The installation (with three projected screens and four audio channels) presents these radically different Ohio environments together. When we were filming and recording, I had a desire to listen inside, to get as close as I could to the rocks, the fossils, and the trees, to feel the textures of each environment, and to imagine what it may have been like in the past. The resulting video is almost exclusively up-close, and we see geometric patterns and details as the camera moves across the surface. Sometimes, the video looks like an abstract painting; other times it looks like the topography of the land in aerial photos.

Likewise, the field recordings reflect this up-close perspective. Walking into the gallery, listeners will hear three different scenes — of trees, water, and fossils. For the trees, I placed contact microphones inside the natural holes of old-growth trees (from insects and small animals). When I did so, I was amazed at what I heard! It was a windy day, and the trees were swaying back and forth, creaking and groaning, and the recordings have a remarkable, almost underwater feeling to them. For the fossils: at first I imagined listening as one might listen to seashells, cupped to your ear. But because the shells were embedded into rock, they did not have this acoustic quality, and needed to be activated.

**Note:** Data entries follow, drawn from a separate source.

(* For every Minkowski space $X$ of dimension at least $3$, $m(X)\geq 4$.
   Context: A Minkowski space is a finite-dimensional real normed space $(X,\|\cdot\|)$. For a set $S\subseteq X$, its midpoint set is $M(S)=\{\tfrac12(x+y): x,y\in S,\ x\neq y\}$. A set $S\subseteq X$ is an M-set if every vector in $M(S)$ has norm exactly $1$ and every vector in $S$ has norm strictly greater than $1$. $m(X)$ denotes the largest cardinality of an M-set in $X$ if such a largest finite cardinality exists, and $m(X)=\infty$ otherwise. *)

theory Defs
  imports "HOL-Analysis.Analysis" "HOL-Library.Extended_Nat"
begin

text \<open>A Minkowski space is modelled as a type of class real_normed_vector that is
  finite-dimensional (spanned by a finite set).\<close>

definition midpoint_set :: "'a::real_vector set \<Rightarrow> 'a set" where
  "midpoint_set S = {(1/2) *\<^sub>R (x + y) | x y. x \<in> S \<and> y \<in> S \<and> x \<noteq> y}"

definition is_M_set :: "'a::real_normed_vector set \<Rightarrow> bool" where
  "is_M_set S \<longleftrightarrow> (\<forall>v \<in> midpoint_set S. norm v = 1) \<and> (\<forall>x \<in> S. norm x > 1)"

definition m_const :: "'a::real_normed_vector itself \<Rightarrow> enat" where
  "m_const (_ :: 'a itself) = Sup {enat (card S) | S :: 'a set. finite S \<and> is_M_set S}"

end

theory Submission
  imports Defs
begin

(* Since dim X >= 3, there is an injective linear map L from a Euclidean space E of
   dimension >= 3 into X, so N(x) = ||L x|| is a norm on E.  Pick a point c of the
   N-unit sphere of maximal Euclidean length.  Then c is "exposed": N(c + p) > 1 for
   every nonzero p orthogonal to c, since the N-unit ball lies inside the Euclidean
   ball of radius |c| while |c + p| > |c|.  Choose u, v orthogonal to c and to each
   other with N(u) = N(v) = 1.  With a = L u, b = L v, c' = L c the four points
   a+b+c', a-b-c', b-a-c', c'-a-b have the six midpoints +-a, +-b, +-c', all of norm 1,
   and each point is of the form +-L(c + p) with p orthogonal to c, hence has norm > 1. *)

lemma M_set_card_le_m_const:
  fixes S :: "'a::real_normed_vector set"
  assumes "finite S" and "is_M_set S"
  shows "enat (card S) \<le> m_const TYPE('a)"
  unfolding m_const_def using assms by (intro Sup_upper) blast

lemma four_point_midpoints:
  fixes a b c :: "'a::real_vector"
  defines "T \<equiv> {a + b + c, a - b - c, b - a - c, c - a - b}"
  assumes "x \<in> T" and "y \<in> T" and "x \<noteq> y"
  shows "x + y \<in> {2 *\<^sub>R a, - 2 *\<^sub>R a, 2 *\<^sub>R b, - 2 *\<^sub>R b, 2 *\<^sub>R c, - 2 *\<^sub>R c}"
  using assms(2-4) unfolding T_def by (elim insertE emptyE; hypsubst; simp add: scaleR_2 algebra_simps)

lemma four_point_M_set:
  fixes a b c :: "'a::real_normed_vector"
  defines "T \<equiv> {a + b + c, a - b - c, b - a - c, c - a - b}"
  assumes "norm a = 1" and "norm b = 1" and "norm c = 1"
    and "\<And>x. x \<in> T \<Longrightarrow> norm x > 1"
  shows "is_M_set T"
  unfolding is_M_set_def midpoint_set_def
proof safe
  fix x y assume "x \<in> T" "y \<in> T" "x \<noteq> y"
  then have "x + y \<in> {2 *\<^sub>R a, - 2 *\<^sub>R a, 2 *\<^sub>R b, - 2 *\<^sub>R b, 2 *\<^sub>R c, - 2 *\<^sub>R c}"
    unfolding T_def by (rule four_point_midpoints)
  then have "norm (x + y) = 2"
    using assms(2-4) by auto
  then show "norm ((1/2) *\<^sub>R (x + y)) = 1"
    by simp
qed (use assms(5) in blast)

text \<open>The four points are distinct as soon as \<open>a \<plusminus> b\<close>, \<open>a \<plusminus> c\<close>, \<open>b \<plusminus> c\<close> are nonzero,
  because their pairwise differences are twice these vectors.\<close>

lemma four_point_card:
  fixes a b c :: "'a::real_vector"
  assumes "a + b \<noteq> 0" "a - b \<noteq> 0" "a + c \<noteq> 0" "a - c \<noteq> 0" "b + c \<noteq> 0" "b - c \<noteq> 0"
  shows "card {a + b + c, a - b - c, b - a - c, c - a - b} = 4"
proof -
  have differences:
    "(a + b + c) - (a - b - c) = 2 *\<^sub>R (b + c)" "(a + b + c) - (b - a - c) = 2 *\<^sub>R (a + c)"
    "(a + b + c) - (c - a - b) = 2 *\<^sub>R (a + b)" "(a - b - c) - (b - a - c) = 2 *\<^sub>R (a - b)"
    "(a - b - c) - (c - a - b) = 2 *\<^sub>R (a - c)" "(b - a - c) - (c - a - b) = 2 *\<^sub>R (b - c)"
    by (simp_all add: scaleR_2 algebra_simps)
  have "a + b + c \<noteq> a - b - c" "a + b + c \<noteq> b - a - c" "a + b + c \<noteq> c - a - b"
    "a - b - c \<noteq> b - a - c" "a - b - c \<noteq> c - a - b" "b - a - c \<noteq> c - a - b"
    using differences assms by (metis eq_iff_diff_eq_0 scaleR_eq_0_iff zero_neq_numeral)+
  then show ?thesis by simp
qed

text \<open>If \<open>dim X \<ge> DIM('e)\<close>, the Euclidean space \<open>'e\<close> embeds linearly into \<open>X\<close>: send the
  standard basis bijectively onto part of a basis of \<open>X\<close> and extend linearly.\<close>

lemma linear_embedding_of_euclidean:
  assumes "DIM('e) \<le> dim (UNIV :: 'a set)"
  obtains L :: "'e::euclidean_space \<Rightarrow> 'a::real_vector" where "linear L" and "inj L"
proof -
  obtain B :: "'a set" where B: "independent B" "card B = dim (UNIV :: 'a set)"
    using basis_exists[of "UNIV :: 'a set"] by blast
  then obtain T where T: "T \<subseteq> B" "card T = DIM('e)" "finite T"
    using assms by (metis obtain_subset_with_card_n)
  then obtain g :: "'e \<Rightarrow> 'a" where g: "bij_betw g Basis T"
    using finite_same_card_bij[of "Basis :: 'e set" T] T(2,3) by auto
  obtain L :: "'e \<Rightarrow> 'a" where L: "linear L" "\<And>x. x \<in> Basis \<Longrightarrow> L x = g x"
    using linear_independent_extend[OF independent_Basis, of g] by blast
  have "L ` Basis = T" "inj_on L Basis"
    using g L(2) by (auto simp: bij_betw_def inj_on_def image_def)
  moreover have "independent T"
    using B(1) T(1) by (rule independent_mono)
  ultimately have "inj_on L (span Basis)"
    by (intro linear_inj_on_span_independent_image[OF L(1)]) simp_all
  then show thesis
    using that L(1) by simp
qed

lemma orthogonal_add_nonzero:
  fixes x y :: "'a::real_inner"
  assumes "x \<bullet> y = 0" and "x \<noteq> 0"
  shows "x + y \<noteq> 0"
proof
  assume "x + y = 0"
  then have "x \<bullet> y = - (x \<bullet> x)"
    by (simp add: eq_neg_iff_add_eq_0[symmetric])
  then show False
    using assms by simp
qed

lemma orthogonal_pair_exists:
  fixes c :: "'e::euclidean_space"
  assumes "DIM('e) \<ge> 3"
  obtains u v where "u \<noteq> 0" "v \<noteq> 0" "u \<bullet> c = 0" "v \<bullet> c = 0" "u \<bullet> v = 0"
proof -
  obtain u where u: "u \<noteq> 0" "u \<bullet> c = 0"
    using orthogonal_to_vector_exists[of c] assms by (auto simp: orthogonal_def inner_commute)
  have "dim {c, u} \<le> card {c, u}"
    by (rule dim_le_card) (auto intro: span_base)
  also have "\<dots> < DIM('e)"
    using assms by (simp add: card_insert_if)
  finally obtain v where v: "v \<noteq> 0" "\<And>y. y \<in> span {c, u} \<Longrightarrow> orthogonal v y"
    using orthogonal_to_subspace_exists by blast
  have "v \<bullet> c = 0" "u \<bullet> v = 0"
    using v(2)[of c] v(2)[of u] by (auto simp: span_base orthogonal_def inner_commute)
  then show thesis
    using that u v(1) by blast
qed

text \<open>For an injective linear \<open>L\<close> out of a Euclidean space, \<open>x \<mapsto> \<parallel>L x\<parallel>\<close> dominates a
  multiple of the Euclidean norm (its minimum on the compact unit sphere).\<close>

lemma linear_inj_norm_bounded_below:
  fixes L :: "'e::euclidean_space \<Rightarrow> 'a::real_normed_vector"
  assumes "linear L" and "inj L"
  obtains m where "m > 0" and "\<And>x. m * norm x \<le> norm (L x)"
proof -
  have L_eq_0: "L x = 0 \<longleftrightarrow> x = 0" for x
    using assms by (metis injD linear_0)
  have "continuous_on UNIV (\<lambda>x. norm (L x))"
    using assms(1) by (intro continuous_intros) (simp add: linear_continuous_on linear_linear)
  then have "\<exists>s\<in>sphere (0::'e) 1. \<forall>y\<in>sphere 0 1. norm (L s) \<le> norm (L y)"
    by (intro continuous_attains_inf) (auto intro: continuous_on_subset)
  then obtain s where s: "s \<in> sphere 0 1" "\<And>y. y \<in> sphere 0 1 \<Longrightarrow> norm (L s) \<le> norm (L y)"
    by blast
  show thesis
  proof (rule that)
    show "norm (L s) > 0"
      using s(1) L_eq_0 by fastforce
    show "norm (L s) * norm x \<le> norm (L x)" for x
    proof (cases "x = 0")
      case False
      then have "norm (L s) \<le> norm (L ((1 / norm x) *\<^sub>R x))"
        by (intro s(2)) simp
      then show ?thesis
        using False assms(1) by (simp add: linear_scale field_simps)
    qed (simp add: L_eq_0)
  qed
qed

lemma linear_inj_normalize:
  fixes L :: "'e::real_vector \<Rightarrow> 'a::real_normed_vector"
  assumes "linear L" and "inj L" and "x \<noteq> 0"
  shows "norm (L ((1 / norm (L x)) *\<^sub>R x)) = 1"
proof -
  have "L x \<noteq> 0"
    using assms by (metis injD linear_0)
  then show ?thesis
    using assms(1) by (simp add: linear_scale)
qed

text \<open>Otherwise
  rescaling \<open>c + p\<close> onto the sphere would give a point longer than \<open>c\<close>.\<close>

lemma exposed_point:
  fixes L :: "'e::euclidean_space \<Rightarrow> 'a::real_normed_vector"
  assumes "linear L" and "inj L"
  obtains c where "norm (L c) = 1" and "\<And>p. p \<bullet> c = 0 \<Longrightarrow> p \<noteq> 0 \<Longrightarrow> norm (L (c + p)) > 1"
proof -
  define K where "K = {x. norm (L x) = 1}"
  obtain m where m: "m > 0" "\<And>x. m * norm x \<le> norm (L x)"
    using linear_inj_norm_bounded_below[OF assms] by blast
  have "bounded K"
    unfolding K_def bounded_iff using m
    by (intro exI[of _ "1/m"]) (auto simp: field_simps dest: m(2)[THEN order_trans, OF eq_refl])
  moreover have "closed K"
    unfolding K_def using assms(1)
    by (intro closed_Collect_eq continuous_intros) (simp_all add: linear_continuous_on linear_linear)
  ultimately have "compact K"
    by (simp add: compact_eq_bounded_closed)
  moreover obtain b :: 'e where "b \<in> Basis"
    using nonempty_Basis by blast
  then have "(1 / norm (L b)) *\<^sub>R b \<in> K"
    unfolding K_def using assms by (intro CollectI linear_inj_normalize) auto
  ultimately obtain c where c: "c \<in> K" "\<And>y. y \<in> K \<Longrightarrow> norm y \<le> norm c"
    using continuous_attains_sup[of K norm] by (auto intro: continuous_intros)
  show thesis
  proof (rule that)
    show "norm (L c) = 1"
      using c(1) by (simp add: K_def)
    fix p assume p: "p \<bullet> c = 0" "p \<noteq> 0"
    have "c \<noteq> 0"
      using c(1) assms(1) by (auto simp: K_def linear_0)
    then have "c + p \<noteq> 0"
      using p(1) by (intro orthogonal_add_nonzero) (simp_all add: inner_commute)
    have "(norm (c + p))\<^sup>2 = (norm c)\<^sup>2 + (norm p)\<^sup>2"
      using p(1) by (intro norm_add_Pythagorean) (simp add: orthogonal_def inner_commute)
    then have longer: "norm c < norm (c + p)"
      using p(2) by (smt (verit) norm_ge_zero power_mono zero_less_norm_iff zero_less_power)
    show "norm (L (c + p)) > 1"
    proof (rule ccontr)
      assume "\<not> norm (L (c + p)) > 1"
      moreover have "L (c + p) \<noteq> 0"
        using \<open>c + p \<noteq> 0\<close> assms by (metis injD linear_0)
      ultimately have "1 \<le> 1 / norm (L (c + p))"
        by simp
      moreover have "(1 / norm (L (c + p))) *\<^sub>R (c + p) \<in> K"
        unfolding K_def using assms \<open>c + p \<noteq> 0\<close> by (simp add: linear_inj_normalize)
      then have "norm ((1 / norm (L (c + p))) *\<^sub>R (c + p)) \<le> norm c"
        by (rule c(2))
      ultimately have "norm (c + p) \<le> norm c"
        by (smt (verit) mult_le_cancel_right1 norm_ge_zero norm_scaleR)
      then show False
        using longer by simp
    qed
  qed
qed

lemma exposed_frame:
  fixes L :: "'e::euclidean_space \<Rightarrow> 'a::real_normed_vector"
  assumes "DIM('e) \<ge> 3" and "linear L" and "inj L"
  obtains c u v where "norm (L c) = 1" "norm (L u) = 1" "norm (L v) = 1"
    and "u \<noteq> 0" "v \<noteq> 0" "u \<bullet> c = 0" "v \<bullet> c = 0" "u \<bullet> v = 0"
    and "\<And>p. p \<bullet> c = 0 \<Longrightarrow> p \<noteq> 0 \<Longrightarrow> norm (L (c + p)) > 1"
proof -
  obtain c where c: "norm (L c) = 1" "\<And>p. p \<bullet> c = 0 \<Longrightarrow> p \<noteq> 0 \<Longrightarrow> norm (L (c + p)) > 1"
    using exposed_point[OF assms(2,3)] by blast
  obtain u0 v0 where uv0: "u0 \<noteq> 0" "v0 \<noteq> 0" "u0 \<bullet> c = 0" "v0 \<bullet> c = 0" "u0 \<bullet> v0 = 0"
    using orthogonal_pair_exists[OF assms(1)] by blast
  define u where "u = (1 / norm (L u0)) *\<^sub>R u0"
  define v where "v = (1 / norm (L v0)) *\<^sub>R v0"
  have unit: "norm (L u) = 1" "norm (L v) = 1"
    unfolding u_def v_def using uv0 assms(2,3) by (simp_all add: linear_inj_normalize)
  moreover have "u \<noteq> 0" "v \<noteq> 0"
    using unit assms(2) by (auto simp: linear_0)
  moreover have "u \<bullet> c = 0" "v \<bullet> c = 0" "u \<bullet> v = 0"
    using uv0 by (simp_all add: u_def v_def)
  ultimately show thesis
    using that c by blast
qed

lemma m_const_ge_4_of_embedding:
  fixes L :: "'e::euclidean_space \<Rightarrow> 'a::real_normed_vector"
  assumes "DIM('e) \<ge> 3" and "linear L" and "inj L"
  shows "m_const TYPE('a) \<ge> 4"
proof -
  obtain c u v where unit: "norm (L c) = 1" "norm (L u) = 1" "norm (L v) = 1"
    and nonzero: "u \<noteq> 0" "v \<noteq> 0" and orth: "u \<bullet> c = 0" "v \<bullet> c = 0" "u \<bullet> v = 0"
    and exposed: "\<And>p. p \<bullet> c = 0 \<Longrightarrow> p \<noteq> 0 \<Longrightarrow> norm (L (c + p)) > 1"
    using exposed_frame[OF assms] by blast
  have L_lin: "L (x + y) = L x + L y" "L (x - y) = L x - L y" "L (- x) = - L x" for x y
    using assms(2) by (simp_all add: linear_add linear_diff linear_neg)
  have no_cancel: "x + y \<noteq> 0 \<and> x - y \<noteq> 0" if "x \<bullet> y = 0" "x \<noteq> 0" for x y :: 'e
    using orthogonal_add_nonzero[OF that] orthogonal_add_nonzero[of x "- y"] that by simp
  have L_no_cancel: "L x + L y \<noteq> 0 \<and> L x - L y \<noteq> 0" if "x \<bullet> y = 0" "x \<noteq> 0" for x y
    using no_cancel[OF that] assms(2,3) by (metis L_lin(1,2) injD linear_0)
  have "u + v \<noteq> 0" "v - u \<noteq> 0" "u - v \<noteq> 0" "- (u + v) \<noteq> 0"
    using no_cancel[OF orth(3) nonzero(1)] by (metis minus_diff_eq neg_equal_0_iff_equal)+
  moreover have "(u + v) \<bullet> c = 0" "(v - u) \<bullet> c = 0" "(u - v) \<bullet> c = 0" "(- (u + v)) \<bullet> c = 0"
    using orth by (simp_all add: inner_diff_left inner_add_left)
  ultimately have "norm (L (c + (u + v))) > 1" "norm (L (c + (v - u))) > 1"
    "norm (L (c + (u - v))) > 1" "norm (L (c + - (u + v))) > 1"
    by (auto intro: exposed)
  moreover have "L u + L v + L c = L (c + (u + v))" "L u - L v - L c = - L (c + (v - u))"
    "L v - L u - L c = - L (c + (u - v))" "L c - L u - L v = L (c + - (u + v))"
    by (simp_all add: L_lin algebra_simps)
  ultimately have "is_M_set {L u + L v + L c, L u - L v - L c, L v - L u - L c, L c - L u - L v}"
    using unit by (intro four_point_M_set) (auto simp only: norm_minus_cancel)
  moreover have "card {L u + L v + L c, L u - L v - L c, L v - L u - L c, L c - L u - L v} = 4"
    using L_no_cancel orth nonzero by (intro four_point_card) (simp_all add: inner_commute)
  ultimately have "enat 4 \<le> m_const TYPE('a)"
    by (metis M_set_card_le_m_const finite.emptyI finite.insertI)
  then show ?thesis
    by (simp add: numeral_eq_enat)
qed

theorem lemma4:
  assumes "\<exists>B :: 'a::real_normed_vector set. finite B \<and> span B = UNIV"
    and "dim (UNIV :: 'a set) \<ge> 3"
  shows "m_const TYPE('a) \<ge> 4"
proof -
  obtain L :: "real^3 \<Rightarrow> 'a" where "linear L" and "inj L"
    using linear_embedding_of_euclidean[where 'e = "real^3"] assms(2) by auto
  then show ?thesis
    by (intro m_const_ge_4_of_embedding) simp_all
qed

end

So instead, I scraped and tapped the fossils, and rubbed my fingers across their surfaces, all as a sensuous way of understanding them.
And finally, for the water: I threw a hydrophone (a water-proofed microphone) into Lake Erie, right next to the glacial grooves. I was suddenly transported underwater, and as the microphone dragged across the lake bed and swirled in the waves, I was reminded at how powerful and violent the water can be. (I was also reminded of a great-uncle who perished in Lake Erie while on a fishing trip, never making it back to Kelleys Island).
One thing I would like visitors (at both the CAC and MOCA Cleveland) to notice is the fact that the very place where they are standing was once part of a forest. And it wasn't that long ago, either! And then, to notice that if we just go back in time, the place where they are standing was once part of a glacier, and then even further back, an ancient ocean. To me, this is mind-boggling.
The key here is to pay attention. To listen to the up-close sounds of the rocks and fossils, of the wind and birds, and to notice the internal sounds of the trees, water, and fossils: creaking, insects, whooshing liquids, sand, flexibility, movement. I would also pay attention to the up-close images, taking time to carefully explore the textures and grain of the land, from the fossils of an ancient seabed to the living moss on the side of a centuries-old tree.
I hope you can join me at the opening reception this Friday (May 2), from 7-10pm.